(Beginning of Task inputs)
lemma lin_comb_in_ideal_times_free:
  assumes "\<forall>k<n. c k \<in> aug_ideal r m B \<and> h k \<in> free_mod r m B"
  shows "lin_comb n c h \<in> ideal_times_free (aug_ideal r m B) (free_mod r m B)"
proof -
  have "lin_comb n c h \<in> free_mod r m B"
    using assms aug_ideal_subset_S_ring by (blast intro: lin_comb_in_free_mod)
  moreover have "lin_comb n c h a \<in> aug_ideal r m B" for a
    unfolding lin_comb_def
  proof (rule aug_ideal_sum)
    fix k assume "k \<in> {..<n}"
    with assms show "c k * h k a \<in> aug_ideal r m B"
      by (simp add: free_mod_def aug_ideal_mult_S_ring)
  qed
  ultimately show ?thesis by (simp add: ideal_times_free_def)
qed

lemma lin_comb_diff_in_ideal_times_syzygies:
  assumes "\<forall>k<n. c k \<in> aug_ideal r m B \<and> g k \<in> free_mod r m B \<and> h k \<in> free_mod r m B \<and>
      present_map (g k) - present_map (h k) \<in> J"
  shows "lin_comb n c g - lin_comb n c h \<in> ideal_times_mod (aug_ideal r m B) (syzygies r m B J)"
  unfolding lin_comb_diff
  by (rule lin_comb_in_ideal_times_mod)
     (use assms in \<open>auto simp: syzygies_def diff_in_free_mod present_map_diff\<close>)

lemma Tor1_quotient_vanishesE:
  assumes "Tor1_quotient_vanishes r m B J"
    and "f \<in> free_mod r m B" "present_map f \<in> J" "\<forall>a. f a \<in> aug_ideal r m B"
  obtains n :: nat and c g
  where "\<forall>k<n. c k \<in> aug_ideal r m B \<and> g k \<in> syzygies r m B J" "f = lin_comb n c g"
proof -
  have "f \<in> ideal_times_mod (aug_ideal r m B) (syzygies r m B J)"
    using assms unfolding Tor1_quotient_vanishes_def syzygies_def ideal_times_free_def by blast
  then show ?thesis using that by (rule ideal_times_modE)
qed

lemma Tor1_quotient_vanishesD:
  assumes "Tor1_quotient_vanishes r m B J" and "J \<subseteq> J'"
    and "f \<in> syzygies r m B J \<inter> ideal_times_free (aug_ideal r m B) (free_mod r m B)"
  shows "f \<in> ideal_times_mod (aug_ideal r m B) (syzygies r m B J')"
  using assms ideal_times_mod_mono[OF syzygies_mono[OF assms(2)]]
  unfolding Tor1_quotient_vanishes_def by blast

lemma aug_syzygy_split_Int:
  assumes J1: "poly_ideal m J1" and J2: "poly_ideal m J2"
    and "J1 \<subseteq> JW" and JW: "\<And>q. q \<in> JW \<Longrightarrow> \<exists>p\<in>J1. q - p \<in> J2"
    and "Tor1_quotient_vanishes r m B JW"
    and f: "f \<in> free_mod r m B" "present_map f \<in> J1" "\<forall>a. f a \<in> aug_ideal r m B"
  shows "\<exists>f'\<in>syzygies r m B (J1 \<inter> J2) \<inter> ideal_times_free (aug_ideal r m B) (free_mod r m B).
           f - f' \<in> ideal_times_mod (aug_ideal r m B) (syzygies r m B J1)"
proof -
  let ?I = "aug_ideal r m B" and ?F = "free_mod r m B"
  obtain n :: nat and c g
    where cg: "\<forall>k<n. c k \<in> ?I \<and> g k \<in> syzygies r m B JW" and f_eq: "f = lin_comb n c g"
    using assms(5) f \<open>J1 \<subseteq> JW\<close> by (auto elim: Tor1_quotient_vanishesE)
  have "\<forall>k<n. \<exists>q\<in>polyring m. q \<in> J2 \<and> present_map (g k) - q \<in> J1"
  proof (intro allI impI)
    fix k assume "k < n"
    then obtain p where "p \<in> J1" "present_map (g k) - p \<in> J2"
      using cg JW by (auto simp: syzygies_def)
    then show "\<exists>q\<in>polyring m. q \<in> J2 \<and> present_map (g k) - q \<in> J1"
      using poly_ideal_subset[OF J2] by (intro bexI[of _ "present_map (g k) - p"]) auto
  qed
  then obtain h where h: "\<forall>k<n. h k \<in> ?F \<and>
      present_map (h k) \<in> J2 \<and> present_map (g k) - present_map (h k) \<in> J1"
    by (rule present_map_surj_choice)
  have c: "\<forall>k<n. c k \<in> polyring m"
    using cg aug_ideal_subset_polyring by blast
  show ?thesis
  proof (intro bexI IntI)
    let ?f' = "lin_comb n c h"
    show "f - ?f' \<in> ideal_times_mod ?I (syzygies r m B J1)"
      unfolding f_eq
      by (rule lin_comb_diff_in_ideal_times_syzygies) (use cg h in \<open>simp add: syzygies_def\<close>)
    show f': "?f' \<in> ideal_times_free ?I ?F"
      using cg h by (simp add: lin_comb_in_ideal_times_free)
    have "present_map ?f' = (\<Sum>k<n. c k * present_map (h k))"
      using h present_map_lin_comb[of n h r m B c] by simp
    moreover have "\<dots> = present_map f - (\<Sum>k<n. c k * (present_map (g k) - present_map (h k)))"
      using cg present_map_lin_comb[of n g r m B c]
      by (simp add: f_eq syzygies_def right_diff_distrib sum_subtractf)
    moreover have "(\<Sum>k<n. c k * present_map (h k)) \<in> J2"
      by (rule poly_ideal_sum[OF J2]) (use c h in auto)
    moreover have "present_map f - (\<Sum>k<n. c k * (present_map (g k) - present_map (h k))) \<in> J1"
      by (intro poly_ideal_diff[OF J1 f(2)] poly_ideal_sum[OF J1]) (use c h in auto)
    ultimately show "?f' \<in> syzygies r m B (J1 \<inter> J2)"
      using f' by (simp add: syzygies_def ideal_times_free_def)
  qed
qed

lemma Tor1_quotient_vanishes_Mayer_Vietoris:
  assumes "poly_ideal m J1" and "poly_ideal m J2"
    and "J1 \<subseteq> JW" and "\<And>q. q \<in> JW \<Longrightarrow> \<exists>p\<in>J1. q - p \<in> J2"
    and "Tor1_quotient_vanishes r m B JW" and TU: "Tor1_quotient_vanishes r m B (J1 \<inter> J2)"
  shows "Tor1_quotient_vanishes r m B J1"
  unfolding Tor1_quotient_vanishes_def
proof
  let ?I = "aug_ideal r m B"
  fix f assume "f \<in> syzygies r m B J1 \<inter> ideal_times_free ?I (free_mod r m B)"
  then have "f \<in> free_mod r m B" "present_map f \<in> J1" "\<forall>a. f a \<in> ?I"
    by (simp_all add: syzygies_def ideal_times_free_def)
  then obtain f' where f': "f' \<in> syzygies r m B (J1 \<inter> J2) \<inter> ideal_times_free ?I (free_mod r m B)"
      and "f - f' \<in> ideal_times_mod ?I (syzygies r m B J1)"
    using aug_syzygy_split_Int[OF assms(1-5)] by blast
  moreover have "f' \<in> ideal_times_mod ?I (syzygies r m B J1)"
    using Tor1_quotient_vanishesD[OF TU _ f'] by blast
  ultimately show "f \<in> ideal_times_mod ?I (syzygies r m B J1)"
    using ideal_times_mod_add[of "f - f'" _ _ f'] by simp
qed

lemma shift_var_in_ideal_times_syzygies:
  assumes "v \<le> m" and "Tor1_quotient_vanishes r m B JW"
    and JU: "\<And>t. t \<in> polyring m \<Longrightarrow> t \<in> JW \<Longrightarrow> var_x v * t \<in> JU"
    and H: "H \<in> syzygies r m B JW \<inter> ideal_times_free (aug_ideal r m B) (free_mod r m B)"
  shows "shift_var v H \<in> ideal_times_mod (aug_ideal r m B) (syzygies r m B JU)"
proof -
  obtain n :: nat and c w where cw: "\<forall>k<n. c k \<in> aug_ideal r m B \<and> w k \<in> syzygies r m B JW"
      and "H = lin_comb n c w"
    using Tor1_quotient_vanishesD[OF assms(2) order_refl H] by (rule ideal_times_modE)
  have "shift_var v (w k) \<in> syzygies r m B JU" if "k < n" for k
  proof -
    have w: "w k \<in> free_mod r m B" "present_map (w k) \<in> JW"
      using cw that by (simp_all add: syzygies_def)
    then have "var_x v * present_map (w k) \<in> JU"
      using JU[OF present_map_in_polyring] by blast
    with w \<open>v \<le> m\<close> show ?thesis
      by (simp add: syzygies_def shift_var_in_free_mod present_map_shift_var)
  qed
  with cw show ?thesis
    unfolding \<open>H = lin_comb n c w\<close> shift_var_lin_comb by (simp add: lin_comb_in_ideal_times_mod)
qed

lemma aug_syzygy_split_shift:
  assumes JU: "poly_ideal m JU" and "v \<le> m" and "JU \<subseteq> JD"
    and JD: "\<And>q. q \<in> JD \<Longrightarrow> \<exists>t\<in>polyring m. q - var_x v * t \<in> JU"
    and JW: "\<And>t. t \<in> polyring m \<Longrightarrow> var_x v * t \<in> JU \<Longrightarrow> t \<in> JW"
    and "Tor1_quotient_vanishes r m B JD"
    and g: "g \<in> free_mod r m B" "present_map g \<in> JU" "\<forall>a. g a \<in> aug_ideal r m B"
  shows "\<exists>H\<in>syzygies r m B JW \<inter> ideal_times_free (aug_ideal r m B) (free_mod r m B).
           g - shift_var v H \<in> ideal_times_mod (aug_ideal r m B) (syzygies r m B JU)"
proof -
  let ?I = "aug_ideal r m B" and ?F = "free_mod r m B"
  obtain n :: nat and c d
    where cd: "\<forall>k<n. c k \<in> ?I \<and> d k \<in> syzygies r m B JD" and g_eq: "g = lin_comb n c d"
    using assms(6) g \<open>JU \<subseteq> JD\<close> by (auto elim: Tor1_quotient_vanishesE)
  have "\<forall>k<n. \<exists>t\<in>polyring m. present_map (d k) - var_x v * t \<in> JU"
    using cd JD by (simp add: syzygies_def)
  then obtain h
    where h: "\<forall>k<n. h k \<in> ?F \<and> present_map (d k) - var_x v * present_map (h k) \<in> JU"
    by (rule present_map_surj_choice)
  have c: "\<forall>k<n. c k \<in> polyring m"
    using cd aug_ideal_subset_polyring by blast
  show ?thesis
  proof (intro bexI IntI)
    let ?H = "lin_comb n c h"
    show "g - shift_var v ?H \<in> ideal_times_mod ?I (syzygies r m B JU)"
      unfolding g_eq shift_var_lin_comb
      by (rule lin_comb_diff_in_ideal_times_syzygies)
         (use cd h \<open>v \<le> m\<close> in
           \<open>auto simp: syzygies_def shift_var_in_free_mod present_map_shift_var\<close>)
    show H: "?H \<in> ideal_times_free ?I ?F"
      using cd h by (simp add: lin_comb_in_ideal_times_free)
    have "var_x v * present_map ?H = (\<Sum>k<n. c k * (var_x v * present_map (h k)))"
      using h present_map_lin_comb[of n h r m B c] by (simp add: sum_distrib_left ac_simps)
    also have "\<dots> = present_map g -
        (\<Sum>k<n. c k * (present_map (d k) - var_x v * present_map (h k)))"
      using cd present_map_lin_comb[of n d r m B c]
      by (simp add: g_eq syzygies_def right_diff_distrib sum_subtractf)
    also have "\<dots> \<in> JU"
      by (intro poly_ideal_diff[OF JU g(2)] poly_ideal_sum[OF JU]) (use c h in auto)
    finally have "present_map ?H \<in> JW"
      using JW H present_map_in_polyring by (auto simp: ideal_times_free_def)
    with H show "?H \<in> syzygies r m B JW"
      by (simp add: syzygies_def ideal_times_free_def)
  qed
qed

lemma Tor1_quotient_vanishes_extension:
  assumes "poly_ideal m JU" and "v \<le> m" and "JU \<subseteq> JD"
    and "\<And>q. q \<in> JD \<Longrightarrow> \<exists>t\<in>polyring m. q - var_x v * t \<in> JU"
    and JW: "\<And>t. t \<in> polyring m \<Longrightarrow> var_x v * t \<in> JU \<longleftrightarrow> t \<in> JW"
    and "Tor1_quotient_vanishes r m B JD" and "Tor1_quotient_vanishes r m B JW"
  shows "Tor1_quotient_vanishes r m B JU"
  unfolding Tor1_quotient_vanishes_def
proof
  let ?I = "aug_ideal r m B"
  fix g assume "g \<in> syzygies r m B JU \<inter> ideal_times_free ?I (free_mod r m B)"
  then have "g \<in> free_mod r m B" "present_map g \<in> JU" "\<forall>a. g a \<in> ?I"
    by (simp_all add: syzygies_def ideal_times_free_def)
  then obtain H where H: "H \<in> syzygies r m B JW \<inter> ideal_times_free ?I (free_mod r m B)"
      and "g - shift_var v H \<in> ideal_times_mod ?I (syzygies r m B JU)"
    using aug_syzygy_split_shift[OF assms(1-4) _ assms(6)] JW by blast
  moreover have "shift_var v H \<in> ideal_times_mod ?I (syzygies r m B JU)"
    using shift_var_in_ideal_times_syzygies[OF \<open>v \<le> m\<close> assms(7) _ H] JW by blast
  ultimately show "g \<in> ideal_times_mod ?I (syzygies r m B JU)"
    using ideal_times_mod_add[of "g - shift_var v H" _ _ "shift_var v H"] by simp
qed
(* Let $\Gamma$ be a group and $\mathcal{S}=\mathcal{S}(\Pi,A,\xi)$ a Gr-category of the type $(\Pi,A)$. Let $(\theta,F)$ and $(\mu,G)$ be enough strict factor sets on $\Gamma$ with coefficients in $\mathcal{S}$ which are cohomologous. Then they determine the same structure of $\Pi$-module $\Gamma$-equivariant on $A$, and their induced 3-cocycles $h^{(\theta,F)},h^{(\mu,G)}\in Z^3_\Gamma(\Pi,A)$ are cohomologous, i.e. $h^{(\theta,F)}-h^{(\mu,G)}=\partial g$ for some $g\in C^2_\Gamma(\Pi,A)$.
   Context: A Gr-category of the type $(\Pi,A)$ ($\Pi$ a group, $A$ a left $\Pi$-module), $\mathcal{S}(\Pi,A,\xi)$: objects are elements of $\Pi$, morphisms only automorphisms $\mathrm{Aut}(x)=\{x\}\times A$, composition $(x,u)\circ(x,v)=(x,u+v)$, tensor $x\otimes y=xy$, $(x,u)\otimes(y,v)=(xy,u+xv)$, associativity constraint $(xyz,\xi(x,y,z))$ with $\xi$ a normalized 3-cocycle of $\Pi$ in $A$, strict unit constraints (unit $I=1$). Monoidal functors $F=(F,\widetilde F,\widehat F)$ have $\widetilde F_{x,y}:F(x\otimes y)\to F(x)\otimes F(y)$, $\widehat F:F(I)\to I$. A factor set on $\Gamma$ with coefficients in $\mathcal{S}$: monoidal autoequivalences $F^\sigma$ and isomorphisms of monoidal functors $\theta^{\sigma,\tau}:F^\sigma F^\tau\to F^{\sigma\tau}$ with $F^1=\mathrm{id}$, $\theta^{1,\sigma}=\theta^{\sigma,1}=\mathrm{id}$, $\theta^{\sigma\tau,\gamma}\circ(\theta^{\sigma,\tau}F^\gamma)=\theta^{\sigma,\tau\gamma}\circ(F^\sigma\theta^{\tau,\gamma})$; enough strict means $\widehat{F^\sigma}=\mathrm{id}_I$ for all $\sigma$. $(\theta,F)$ and $(\mu,G)$ are cohomologous if there are isomorphisms of monoidal functors $u^\sigma:F^\sigma\to G^\sigma$ with $u^1=\mathrm{id}$ and $u^{\sigma\tau}\circ\theta^{\sigma,\tau}=\mu^{\sigma,\tau}\circ(u^\sigma G^\tau)\circ(F^\sigma u^\tau)$. A factor set $(\theta,F)$ determines a $\Pi$-module $\Gamma$-equivariant structure on $A$ by $\sigma x=F^\sigma(x)$, $F^\sigma(x,a)=(\sigma x,\sigma a)$ (so $\sigma(xa)=(\sigma x)(\sigma a)$). For an enough strict $(\theta,F)$, writing $\widetilde{F^\sigma}_{x,y}=(\sigma(xy),\tilde f(x,y,\sigma))$ and $\theta^{\sigma,\tau}_x=(\sigma\tau x,t(x,\sigma,\tau))$, the induced 3-cocycle $h^{(\theta,F)}:\Pi^3\cup(\Pi^2\times\Gamma)\cup(\Pi\times\Gamma^2)\to A$ is $\xi$ on $\Pi^3$, $\tilde f$ on $\Pi^2\times\Gamma$, $t$ on $\Pi\times\Gamma^2$; it lies in $Z^3_\Gamma(\Pi,A)$, the group of normalized maps (vanishing when any argument is an identity element) satisfying the Γ-operator 3-cocycle identities. $C^2_\Gamma(\Pi,A)$ is the group of normalized maps $g:\Pi^2\cup(\Pi\times\Gamma)\to A$, and $\partial g$ is given by $(\partial g)(x,y,z)=x\,g(y,z)-g(xy,z)+g(x,yz)-g(x,y)$, $(\partial g)(x,y,\sigma)=\sigma g(x,y)-g(\sigma x,\sigma y)-(\sigma x)g(y,\sigma)+g(xy,\sigma)-g(x,\sigma)$, $(\partial g)(x,\sigma,\tau)=\sigma g(x,\tau)-g(x,\sigma\tau)+g(\tau x,\sigma)$. *)

theory Defs
  imports "HOL-Algebra.Group"
begin

text \<open>Concrete encoding of the Gr-category S(Pi,A,xi): objects are elements of
 carrier P, a morphism (x,u) is encoded by its A-component u (only automorphisms),
 composition is addition, (x,u) tensor (y,v) = (xy, u + x v), associator xi.\<close>

definition pi_module :: "('p,'m) monoid_scheme \<Rightarrow> ('p \<Rightarrow> 'a::ab_group_add \<Rightarrow> 'a) \<Rightarrow> bool" where
  "pi_module P act \<longleftrightarrow>
     (\<forall>x\<in>carrier P. \<forall>a b. act x (a + b) = act x a + act x b) \<and>
     (\<forall>a. act \<one>\<^bsub>P\<^esub> a = a) \<and>
     (\<forall>x\<in>carrier P. \<forall>y\<in>carrier P. \<forall>a. act (x \<otimes>\<^bsub>P\<^esub> y) a = act x (act y a))"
(End of Task inputs)
§ **Description of the task**
Please output an exact copy of the lines above, from the opening line of the data down to the line that contains "with assms show".

§ **Task solution**
lemma lin_comb_in_ideal_times_free:
  assumes "\<forall>k<n. c k \<in> aug_ideal r m B \<and> h k \<in> free_mod r m B"
  shows "lin_comb n c h \<in> ideal_times_free (aug_ideal r m B) (free_mod r m B)"
proof -
  have "lin_comb n c h \<in> free_mod r m B"
    using assms aug_ideal_subset_S_ring by (blast intro: lin_comb_in_free_mod)
  moreover have "lin_comb n c h a \<in> aug_ideal r m B" for a
    unfolding lin_comb_def
  proof (rule aug_ideal_sum)
    fix k assume "k \<in> {..<n}"
    with assms show "c k * h k a \<in> aug_ideal r m B"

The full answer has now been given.